We will be away from home for about 5 months and were thinking about connecting a solar battery tender to our car battery. Never did this before, can anyone give us some advise? Would an electric battery tender be better? Any informed information would be greatly appreciated.

Disconnect the battery. Make sure you have the security code for the radio if your car has this feature.

I suggest you add fuel stabilizer to the tank before parking the car for five months.

Solar battery charger needs to be in the sun. Does not seem like it would work properly in a garage?

Simply disconnect the battery and add fuel stabilizer.

Figure the distance from the vehicle battery and where the solar panel for the charger will be positioned for the max exposure to the sun. Then make sure the solar charger has enough cable length for that distance. Otherwise use a plug-in battery tender.

Tester

Five months is not a long time. Simply disconnect the battery and don’t bother adding anything to the fuel tank. Or you can simply take no action at all and recharge the battery on your return. A solar charger is a good option but quite unnecessary if you can recharge if needed.

5 months is not a long time. A car could easily sit on a car lot that amount of time. If it was mine I would do stabil or seafoam run through the system and a battery tender be it solar or plug in. I am not familiar with the solar type, look at the cost then decide. My tender from sears was $50 or so. What does solar cost?

The OP didn’t mention the year of the vehicle. And on some vehicles when the battery is disconnected the adaptive memory in the ECU can be lost so monitors need to be reset and modules can go to sleep and not work properly or never wake up.

So the OP could reconnect the battery in five months and be faced with a Check Engine light because all the monitors in the ECU need to be reset, or accessories don’t function right because the modules have to relearn their programs, need to be reprogramed, or need to be replaced because it didn’t wake back up.

I would have suggested disconnecting the battery, but since the year isn’t known, that’s bad advice.

Tester

Where will it be stored? In a garage outside next to your house???

Assuming you read and heed Testers messageb[/b]. I prefer to remove the battery and store it away from where the car is stored. Put it on a tender. If you remove the battery you make it a lot more difficult for someone to steal the car. Most thieves don’t carry spare batteries of various sizes.

Also contact your insurance company. Often you can cancel the collusion coverage since it will not be driven and save a lot of money. Don’t cancel the other parts of the insurance.

I use a solar charger for my boat. There is no electricity available at the boat dock and if the battery runs down the boat could sink if the bilge pump has no power to run.

The solar charger works fine. I leave mine near the windshield where it gets sun but isn’t as easy to steal. There are different size chargers, but even the smallest should be fine as long as you park in a sunny area so the panel gets sunlight. The panel has only one active side so read the directions.

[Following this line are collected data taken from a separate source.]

lemma partition_norm_eq_SUP_projn:
  "partition_norm x P = (SUP m. partition_norm (projn m x) P)"
proof (rule antisym)
  let ?g = "\<lambda>m A. SUP k\<in>A. ennreal \<bar>projn m x k\<bar>"
  have SUP_projn: "ennreal \<bar>x k\<bar> = (SUP m. ennreal \<bar>projn m x k\<bar>)" for k
  proof (rule antisym)
    show "ennreal \<bar>x k\<bar> \<le> (SUP m. ennreal \<bar>projn m x k\<bar>)"
      by (rule SUP_upper2[of "Suc k"]) (auto simp: projn_def proj_def)
    show "(SUP m. ennreal \<bar>projn m x k\<bar>) \<le> ennreal \<bar>x k\<bar>"
      by (rule SUP_least) (auto simp: projn_def proj_def)
  qed
  have inc: "incseq (\<lambda>m. ?g m A)" for A
    unfolding incseq_def
  proof (intro allI impI SUP_mono)
    fix m n :: nat and k assume "m \<le> n" "k \<in> A"
    then show "\<exists>k'\<in>A. ennreal \<bar>projn m x k\<bar> \<le> ennreal \<bar>projn n x k'\<bar>"
      by (intro bexI[of _ k] ennreal_leI) (auto simp: projn_def proj_def)
  qed
  show "partition_norm x P \<le> (SUP m. partition_norm (projn m x) P)"
    unfolding partition_norm_def
  proof (rule infsum_le_ennreal)
    fix G assume G: "finite G" "G \<subseteq> P"
    have "(\<Sum>A\<in>G. SUP k\<in>A. ennreal \<bar>x k\<bar>) = (SUP m. \<Sum>A\<in>G. ?g m A)"
      unfolding SUP_projn by (subst SUP_commute) (simp add: ennreal_SUP_sum inc)
    also have "\<dots> \<le> (SUP m. infsum (?g m) P)"
      using G by (intro SUP_mono) (auto intro: sum_le_infsum_ennreal)
    finally show "(\<Sum>A\<in>G. SUP k\<in>A. ennreal \<bar>x k\<bar>) \<le> (SUP m. infsum (?g m) P)" .
  qed
qed (intro SUP_least partition_norm_mono, auto simp: projn_def proj_def)

lemma partition_norm_projn_le_if_blocks_agree:
  assumes P: "is_partition P" and Q: "is_partition Q"
    and agree: "\<And>i j. i < m \<Longrightarrow> j < m \<Longrightarrow> same_block Q i j \<longleftrightarrow> same_block P i j"
  shows "partition_norm (projn m x) Q \<le> partition_norm (projn m x) P"
proof -
  let ?g = "\<lambda>A. SUP k\<in>A. ennreal \<bar>projn m x k\<bar>"
  have "\<exists>B. B \<in> P \<and> i \<in> B" for i
    using is_partition_covers[OF P] by blast
  then obtain blk where blk: "\<And>i. blk i \<in> P" "\<And>i. i \<in> blk i"
    by metis
  text \<open>Every block of \<open>Q\<close> meeting \<open>{..<m}\<close> is sent to the \<open>P\<close>-block of its least element;
    agreement of the relations makes this injective and the blocks dominate one another.\<close>
  define Q' where "Q' = {A\<in>Q. \<exists>i\<in>A. i < m}"
  define \<rho> where "\<rho> A = (LEAST i. i \<in> A)" for A :: "nat set"
  have \<rho>: "\<rho> A \<in> A" "\<rho> A < m" if "A \<in> Q'" for A
    using that LeastI[of "\<lambda>i. i \<in> A"] Least_le[of "\<lambda>i. i \<in> A"]
    unfolding Q'_def \<rho>_def by (auto intro: le_less_trans)
  have in_blk: "k \<in> blk (\<rho> A)" if "A \<in> Q'" "k \<in> A" "k < m" for A k
  proof -
    have "same_block Q (\<rho> A) k"
      using that \<rho>[OF that(1)] unfolding Q'_def same_block_def by blast
    then have "same_block P (\<rho> A) k"
      using agree \<rho>[OF that(1)] that(3) by blast
    then show ?thesis
      using same_block_mem[OF P blk] by blast
  qed
  have "inj_on (blk \<circ> \<rho>) Q'"
  proof (rule inj_onI)
    fix A A' assume A: "A \<in> Q'" "A' \<in> Q'" "(blk \<circ> \<rho>) A = (blk \<circ> \<rho>) A'"
    then have "same_block P (\<rho> A) (\<rho> A')"
      using blk unfolding same_block_def by (metis comp_apply)
    then have "same_block Q (\<rho> A) (\<rho> A')"
      using agree \<rho>[OF A(1)] \<rho>[OF A(2)] by blast
    then show "A = A'"
      using A(1,2) \<rho>[OF A(1)] \<rho>[OF A(2)] same_block_mem[OF Q] is_partition_block_unique[OF Q]
      unfolding Q'_def by blast
  qed
  have "partition_norm (projn m x) Q = infsum ?g Q'"
    unfolding partition_norm_def
    by (rule infsum_cong_neutral) (auto simp: Q'_def projn_def proj_def SUP_constant bot_ennreal)
  also have "\<dots> \<le> infsum (?g \<circ> (blk \<circ> \<rho>)) Q'"
  proof (rule infsum_mono[OF ennreal_summable_on ennreal_summable_on], unfold comp_apply, rule SUP_mono)
    fix A k assume "A \<in> Q'" "k \<in> A"
    then show "\<exists>k'\<in>blk (\<rho> A). ennreal \<bar>projn m x k\<bar> \<le> ennreal \<bar>projn m x k'\<bar>"
      using in_blk blk(2) by (cases "k < m") (auto simp: projn_def proj_def)
  qed
  also have "\<dots> = infsum ?g ((blk \<circ> \<rho>) ` Q')"
    by (rule infsum_reindex[symmetric]) fact
  also have "\<dots> \<le> partition_norm (projn m x) P"
    unfolding partition_norm_def using blk(1)
    by (intro infsum_mono_neutral ennreal_summable_on) auto
  finally show ?thesis .
qed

For 5 months you might just need a jumper box to jump start the car if needed. Some cars can go 5 months and still start. 2 of mine run a battery down in just about a month and would need a solar charger, battery tender, or a jump start in 5 months.

If you can hook up a regular (a/c power) battery tender, I’d do that instead of the solar one, just because it’s set up to maintain the correct charge on the battery. If you use a solar panel you’ll also need a controller to maintain the correct charge without overcharging.

And I’d do this instead of disconnecting the battery.

And I’d put in gas stabilizer, read the directions.